How community ADR links work in the Archgate registry, the lower curation bar, importing from external repositories, and the future visual builder.

Beyond the curated catalog, the registry indexes community links — pointers to external repositories that contain archgate-compatible ADRs but are authored and maintained by their own teams, not the Archgate maintainers.

Community links let the ecosystem grow without every pack having to pass maintainer review. They live in community/links.yaml as a machine-readable index, with a human-readable community/README.md alongside it.

Each entry in community/links.yaml is a single record pointing at an external repository:

links:
- title: "My ADR Collection"
url: "https://github.com/user/my-adrs"
tags:
- language:typescript
- concern:testing
description: "Short description of what this collection covers."
submittedBy: your-github-username
submittedAt: "2025-01-15"

The tags follow the same <axis>:<value> convention as curated packs (language:, framework:, runtime:, concern:), so the same filtering applies to both. The index ships with an empty links: [] and grows through community pull requests.

Because import is git-native, community links use the git URL form rather than the packs/... shorthand reserved for the official registry. Anything the system git binary can clone works — including private repositories, which resolve through your existing git authentication (HTTPS tokens, SSH keys, gh auth, or credential helpers).

Terminal window
# Paste a GitHub browser URL straight from the address bar
archgate adr import https://github.com/user/my-adrs/tree/main/packs/frontend
# Or the <org>/<repo>/<path> shorthand for a sub-path
archgate adr import user/my-adrs/packs/frontend
# SSH, self-hosted, or any other git URL
archgate adr import [email protected]:team/adrs.git

A target repository is archgate-compatible when it has either an archgate-pack.yaml at the root or pack directory, or ADR-plus-rule-file pairs that follow the archgate format. Third-party repositories can use any directory layout — the path you pass is literal, so a team organized as teams/frontend/adrs/* or governance/decisions/* works without the packs/ convention.

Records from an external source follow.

lemma w_base_line_deriv:
  "((\<lambda>t. w_base (\<eta> + t *\<^sub>R e)) has_real_derivative w_base_d1 \<eta> e) (at 0)"
  unfolding w_base_def w_base_d1_def
  by (auto intro!: derivative_eq_intros simp: field_simps)

lemma w_base_d1_line_deriv:
  "((\<lambda>t. w_base_d1 (\<eta> + t *\<^sub>R e') e) has_real_derivative w_base_d2 \<eta> e e') (at 0)"
  unfolding w_base_d1_def w_base_d2_def
  by (auto intro!: derivative_eq_intros simp: field_simps)

lemma w_base_d2_line_deriv:
  "((\<lambda>t. w_base_d2 (\<eta> + t *\<^sub>R e'') e e') has_real_derivative w_base_d3 \<eta> e e' e'') (at 0)"
  unfolding w_base_d2_def w_base_d3_def
  by (auto intro!: derivative_eq_intros simp: field_simps)

lemma w_base_powr_line_deriv:
  assumes "w_base \<eta> > 0"
  shows "((\<lambda>t. w_base (\<eta> + t *\<^sub>R e) powr r) has_real_derivative
           r * w_base \<eta> powr (r - 1) * w_base_d1 \<eta> e) (at 0)"
  using DERIV_fun_powr[OF w_base_line_deriv, of \<eta> e r] assms by simp

lemma powr_diff_eq_mult_powr:
  fixes x :: real
  assumes "x > 0"
  shows "x powr (r - 1) = x * x powr (r - 2)" and "x powr (r - 2) = x * x powr (r - 3)"
  using powr_mult_base[of x "r - 2"] powr_mult_base[of x "r - 3"] assms by simp_all

lemma w_base_powr_d1_line_deriv:
  assumes "w_base \<eta> > 0"
  shows "((\<lambda>t. w_base_powr_d1 p (\<eta> + t *\<^sub>R e') e) has_real_derivative w_base_powr_d2 p \<eta> e e') (at 0)"
  unfolding w_base_powr_d1_def
  by (rule derivative_eq_intros w_base_powr_line_deriv[OF assms] w_base_d1_line_deriv refl)+
     (simp add: w_base_powr_d2_def powr_diff_eq_mult_powr[OF assms] algebra_simps)

lemma w_base_powr_d2_line_deriv:
  assumes "w_base \<eta> > 0"
  shows "((\<lambda>t. w_base_powr_d2 p (\<eta> + t *\<^sub>R e'') e e') has_real_derivative
           w_base_powr_d3 p \<eta> e e' e'') (at 0)"
  unfolding w_base_powr_d2_def
  by (rule derivative_eq_intros w_base_powr_line_deriv[OF assms] w_base_line_deriv
        w_base_d1_line_deriv w_base_d2_line_deriv refl)+
     (simp add: w_base_powr_d3_def powr_diff_eq_mult_powr[OF assms] algebra_simps power2_eq_square)

lemma eventually_w_base_pos_line:
  assumes "w_base \<eta> > 0"
  shows "\<forall>\<^sub>F t in nhds 0. w_base (\<eta> + t *\<^sub>R e) > 0"
proof -
  have "((\<lambda>t. w_base (\<eta> + t *\<^sub>R e)) \<longlongrightarrow> w_base \<eta>) (nhds 0)"
    using DERIV_isCont[OF w_base_line_deriv] by (simp add: isCont_def tendsto_nhds_iff)
  then show ?thesis
    using assms by (rule order_tendstoD(1))
qed

lemma partial_eq_line_deriv:
  assumes "\<forall>\<^sub>F t in nhds 0. f (\<eta> + t *\<^sub>R coord_dir i) = g (\<eta> + t *\<^sub>R coord_dir i)"
    and "((\<lambda>t. g (\<eta> + t *\<^sub>R coord_dir i)) has_real_derivative D) (at 0)"
  shows "partial i f \<eta> = D"
  unfolding partial_def deriv_cong_ev[OF assms(1) refl] using assms(2) by (rule DERIV_imp_deriv)

lemma partial_w:
  assumes "w_base \<eta> > 0"
  shows "partial l (w \<alpha>) \<eta> = w_base_powr_d1 (\<alpha> / 2) \<eta> (coord_dir l)"
  using w_base_powr_line_deriv[OF assms, of "coord_dir l" "\<alpha> / 2"]
  by (intro partial_eq_line_deriv[where g = "\<lambda>\<zeta>. w_base \<zeta> powr (\<alpha> / 2)"])
     (simp_all add: w_eq_w_base_powr w_base_powr_d1_def)

lemma partial2_w:
  assumes "w_base \<eta> > 0"
  shows "partial j (partial l (w \<alpha>)) \<eta> = w_base_powr_d2 (\<alpha> / 2) \<eta> (coord_dir l) (coord_dir j)"
  using eventually_w_base_pos_line[OF assms, of "coord_dir j"]
  by (intro partial_eq_line_deriv[OF _ w_base_powr_d1_line_deriv[OF assms]])
     (auto elim!: eventually_mono intro: partial_w)

lemma partial3_w:
  assumes "w_base \<eta> > 0"
  shows "partial i (partial j (partial l (w \<alpha>))) \<eta> =
           w_base_powr_d3 (\<alpha> / 2) \<eta> (coord_dir l) (coord_dir j) (coord_dir i)"
  using eventually_w_base_pos_line[OF assms, of "coord_dir i"]
  by (intro partial_eq_line_deriv[OF _ w_base_powr_d2_line_deriv[OF assms]])
     (auto elim!: eventually_mono intro: partial2_w)

lemma coord_dir_comp_simps [simp]:
  "coord_dir 1 = (1, 0)" "coord_dir 2 = (0, 1)" "comp k 1 = fst k" "comp k 2 = snd k"
  "coord_dir (Suc 0) = (1, 0)" "comp k (Suc 0) = fst k"
  by (simp_all add: coord_dir_def comp_def)

lemma hess_row_eq:
  assumes "w_base \<xi> > 0"
  shows "(\<Sum>j\<in>{1,2}. hess \<alpha> \<xi> i j * comp k j) = w_base_powr_d2 (\<alpha> / 2) \<xi> k (coord_dir i)"
  by (simp add: hess_def partial2_w[OF assms] w_base_powr_d2_def w_base_d1_def w_base_d2_def
      algebra_simps; simp add: field_simps)

lemma d3_dir_eq:
  assumes "w_base \<xi> > 0"
  shows "d3_dir \<alpha> k \<xi> = w_base_powr_d3 (\<alpha> / 2) \<xi> k k k"
  by (simp add: d3_dir_def partial3_w[OF assms] w_base_powr_d3_def w_base_d1_def w_base_d2_def
      w_base_d3_def algebra_simps; simp add: field_simps)

lemma w_derivatives_in_coordinates:
  assumes pos: "w_base \<xi> > 0"
    and "p = \<alpha> / 2" "S = w_base \<xi>" "a = sin (fst \<xi>) / 2" "b = sin (snd \<xi>) / 2"
    and "c = cos (fst \<xi>) / 2" "d = cos (snd \<xi>) / 2" "t = a * fst k + b * snd k"
  shows "(\<Sum>j\<in>{1,2}. hess \<alpha> \<xi> 1 j * comp k j) = p * S powr (p - 2) * ((p - 1) * t * a + S * c * fst k)"
    and "(\<Sum>j\<in>{1,2}. hess \<alpha> \<xi> 2 j * comp k j) = p * S powr (p - 2) * ((p - 1) * t * b + S * d * snd k)"
    and "det_hess \<alpha> \<xi> = (p * S powr (p - 2))\<^sup>2 * S * (S * c * d + (p - 1) * (a\<^sup>2 * d + b\<^sup>2 * c))"
    and "d3_dir \<alpha> k \<xi> = p * S powr (p - 3) *
           ((p - 1) * (p - 2) * t ^ 3 + 3 * (p - 1) * S * t * (c * (fst k)\<^sup>2 + d * (snd k)\<^sup>2)
            - S\<^sup>2 * (a * (fst k) ^ 3 + b * (snd k) ^ 3))"
proof -
  note defs = w_base_powr_d2_def w_base_powr_d3_def w_base_d1_def w_base_d2_def w_base_d3_def
    assms(2-7)[symmetric] assms(8)
  show "(\<Sum>j\<in>{1,2}. hess \<alpha> \<xi> 1 j * comp k j) = p * S powr (p - 2) * ((p - 1) * t * a + S * c * fst k)"
    unfolding hess_row_eq[OF pos] defs by (simp add: algebra_simps)
  show "(\<Sum>j\<in>{1,2}. hess \<alpha> \<xi> 2 j * comp k j) = p * S powr (p - 2) * ((p - 1) * t * b + S * d * snd k)"
    unfolding hess_row_eq[OF pos] defs by (simp add: algebra_simps)
  show "det_hess \<alpha> \<xi> = (p * S powr (p - 2))\<^sup>2 * S * (S * c * d + (p - 1) * (a\<^sup>2 * d + b\<^sup>2 * c))"
    unfolding det_hess_def hess_def partial2_w[OF pos] defs
    by (simp add: algebra_simps power2_eq_square)
  show "d3_dir \<alpha> k \<xi> = p * S powr (p - 3) *
           ((p - 1) * (p - 2) * t ^ 3 + 3 * (p - 1) * S * t * (c * (fst k)\<^sup>2 + d * (snd k)\<^sup>2)
            - S\<^sup>2 * (a * (fst k) ^ 3 + b * (snd k) ^ 3))"
    unfolding d3_dir_eq[OF pos] defs by (simp add: algebra_simps power2_eq_square power3_eq_cube)
qed

lemma cos_eq_1_imp_eq_0:
  fixes x :: real
  assumes "cos x = 1" "-pi \<le> x" "x \<le> pi"
  shows "x = 0"
proof -
  have "sin x = 0"
    using assms(1) sin_cos_squared_add[of x] by simp
  moreover have "x \<noteq> pi" "x \<noteq> -pi"
    using assms(1) by auto
  ultimately show ?thesis
    using sin_eq_0_pi assms(2,3) by force
qed

lemma cos_eq_0_iff_pm_pi_half:
  fixes x :: real
  assumes "-pi \<le> x" "x \<le> pi"
  shows "cos x = 0 \<longleftrightarrow> x = pi/2 \<or> x = -pi/2"
proof
  assume "cos x = 0"
  then obtain n :: int where n: "x = n * pi + pi/2"
    using cos_zero_iff_int2 by blast
  have "(-3/2) * pi \<le> n * pi" "n * pi \<le> (1/2) * pi"
    using assms unfolding n by linarith+
  then have "-3/2 \<le> real_of_int n" "real_of_int n \<le> 1/2"
    using mult_le_cancel_right_pos[OF pi_gt_zero, of "-3/2" n]
      mult_le_cancel_right_pos[OF pi_gt_zero, of n "1/2"] by simp_all
  then have "n = -1 \<or> n = 0"
    by linarith
  then show "x = pi/2 \<or> x = -pi/2"
    using n by auto
next
  show "x = pi/2 \<or> x = -pi/2 \<Longrightarrow> cos x = 0"
    by (elim disjE; hypsubst) simp_all
qed

lemma w_base_pos:
  assumes "\<xi> \<in> M"
  shows "w_base \<xi> > 0"
proof (rule ccontr)
  assume "\<not> w_base \<xi> > 0"
  then have "cos (fst \<xi>) = 1" "cos (snd \<xi>) = 1"
    unfolding w_base_def using cos_le_one[of "fst \<xi>"] cos_le_one[of "snd \<xi>"] by argo+
  then have "fst \<xi> = 0" "snd \<xi> = 0"
    using assms cos_eq_1_imp_eq_0 unfolding M_def T2_def by auto
  then show False
    using assms unfolding M_def by (cases \<xi>) simp
qed

lemma mem_K3_iff:
  "\<xi> \<in> K3 \<longleftrightarrow> (fst \<xi> = pi/2 \<or> fst \<xi> = -pi/2) \<and> (snd \<xi> = pi/2 \<or> snd \<xi> = -pi/2)"
  unfolding K3_def by (cases \<xi>) simp

lemma mem_K3_iff_cos_eq_0:
  assumes "\<xi> \<in> T2"
  shows "\<xi> \<in> K3 \<longleftrightarrow> cos (fst \<xi>) = 0 \<and> cos (snd \<xi>) = 0"
  using assms cos_eq_0_iff_pm_pi_half unfolding mem_K3_iff T2_def by auto

lemma K3_subset_M: "K3 \<subseteq> M"
proof
  fix \<xi> assume "\<xi> \<in> K3"
  have bounds: "-pi \<le> x \<and> x \<le> pi \<and> x \<noteq> 0" if "x = pi/2 \<or> x = -pi/2" for x :: real
    using that pi_gt_zero by (elim disjE; hypsubst) linarith+
  show "\<xi> \<in> M"
    using bounds[of "fst \<xi>"] bounds[of "snd \<xi>"] \<open>\<xi> \<in> K3\<close>
    unfolding mem_K3_iff M_def T2_def by (cases \<xi>) auto
qed

lemma cos_eq_0_on_K3:
  assumes "P \<in> K3"
  shows "cos (fst P) = 0" "cos (snd P) = 0"
  using assms K3_subset_M mem_K3_iff_cos_eq_0[of P] unfolding M_def by auto

lemma nondegeneracy_poly_pos:
  fixes X Y :: real
  defines "s \<equiv> X + Y" and "P \<equiv> X * Y"
  assumes X: "\<bar>X\<bar> \<ge> 1" and Y: "\<bar>Y\<bar> \<ge> 1" and pos: "s * (P - 1) / P > 0"
  shows "s * P * (2 * P * s\<^sup>2 + 2 * (P + 1) * s - s ^ 3 - 6 * P\<^sup>2 - 2) > 0"
proof -
  have "\<bar>P\<bar> \<ge> 1"
    unfolding P_def abs_mult using X Y mult_mono[OF X Y] by simp
  then consider (opposite_signs) "P \<le> -1" | (equal_signs) "P \<ge> 1"
    by linarith
  then show ?thesis
  proof cases
    case opposite_signs
    have "(P - 1) / P > 0"
      using opposite_signs by (simp add: zero_less_divide_iff)
    moreover have "s * ((P - 1) / P) > 0"
      using pos by simp
    ultimately have "s > 0"
      by (metis zero_less_mult_pos2)
    moreover have "2 * P * s\<^sup>2 + 2 * (P + 1) * s - s ^ 3 - 6 * P\<^sup>2 - 2 < 0"
    proof -
      have "2 * P * s\<^sup>2 \<le> 0" "2 * (P + 1) * s \<le> 0" "s ^ 3 > 0"
        using opposite_signs \<open>s > 0\<close> by (simp_all add: mult_nonpos_nonneg mult_nonneg_nonpos)
      then show ?thesis by (smt (verit) zero_le_power2)
    qed
    ultimately show ?thesis
      using opposite_signs by (simp add: mult_pos_neg mult_neg_neg)
  next
    case equal_signs
    have "X \<ge> 1 \<and> Y \<ge> 1"
    proof (rule ccontr)
      assume "\<not> (X \<ge> 1 \<and> Y \<ge> 1)"
      then have "X \<le> -1" "Y \<le> -1"
        using X Y equal_signs unfolding P_def by (smt (verit) mult_nonneg_nonpos mult_nonpos_nonneg)+
      then show False
        using pos equal_signs unfolding s_def by (simp add: zero_less_mult_iff zero_less_divide_iff)
    qed
    define m n where "m = X - 1" and "n = Y - 1"
    have mn: "m \<ge> 0" "n \<ge> 0"
      using \<open>X \<ge> 1 \<and> Y \<ge> 1\<close> unfolding m_def n_def by simp_all
    have "m + n > 0"
    proof (rule ccontr)
      assume "\<not> m + n > 0"
      then have "X = 1" "Y = 1"
        using mn unfolding m_def n_def by linarith+
      then show False
        using pos unfolding s_def P_def by simp
    qed
    have "2 * P * s\<^sup>2 + 2 * (P + 1) * s - s ^ 3 - 6 * P\<^sup>2 - 2
        = (m + n) * (m\<^sup>2 + n\<^sup>2) + 2 * m * n * ((m - n)\<^sup>2 + m * n)"
      unfolding s_def P_def m_def n_def by algebra
    also have "\<dots> > 0"
    proof (rule add_pos_nonneg)
      have "m\<^sup>2 + n\<^sup>2 > 0"
        using \<open>m + n > 0\<close> by (auto simp: sum_power2_gt_zero_iff)
      then show "(m + n) * (m\<^sup>2 + n\<^sup>2) > 0"
        using \<open>m + n > 0\<close> by simp
      show "2 * m * n * ((m - n)\<^sup>2 + m * n) \<ge> 0"
        using mn by simp
    qed
    finally show ?thesis
      using equal_signs \<open>X \<ge> 1 \<and> Y \<ge> 1\<close> unfolding s_def by simp
  qed
qed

  1. Fork archgate/awesome-adrs.

  2. Add an entry to community/links.yaml following the schema above. Make sure the target repository is archgate-compatible.

  3. Open a pull request using the community link PR template.

The maintainers verify the repository is real, maintained, archgate-compatible, and not spam. Links that go unreachable are removed after 30 days; you can report a broken link with the repository’s broken-link issue template.

If you want your collection reviewed and hosted inside the registry with a Curated badge instead, follow the creating a pack guide and submit a curated pack instead of a link.

Browsing and composing packs is a web experience, not a terminal one — markdown rendering, syntax-highlighted rule code, search, filtering, and shareable selection URLs are all native on the web and costly in a CLI. That surface is the planned ADR builder.

Browse and filter

A grid of all packs with tags, ADR counts, and descriptions. Filter by language, framework, or concern, and toggle between curated-only and curated-plus-community.

Cherry-pick into a set

Open a pack or ADR, read the rendered document next to its rule code, and add individual decisions to a builder cart with dependency hints.

Copy a command

The builder emits a ready-to-run archgate adr import command with every selected path — curated paths as packs/... shorthand, community entries as full git URLs.

Share a selection

Selections serialize into a shareable URL, so a teammate opens the link and sees the same set pre-loaded.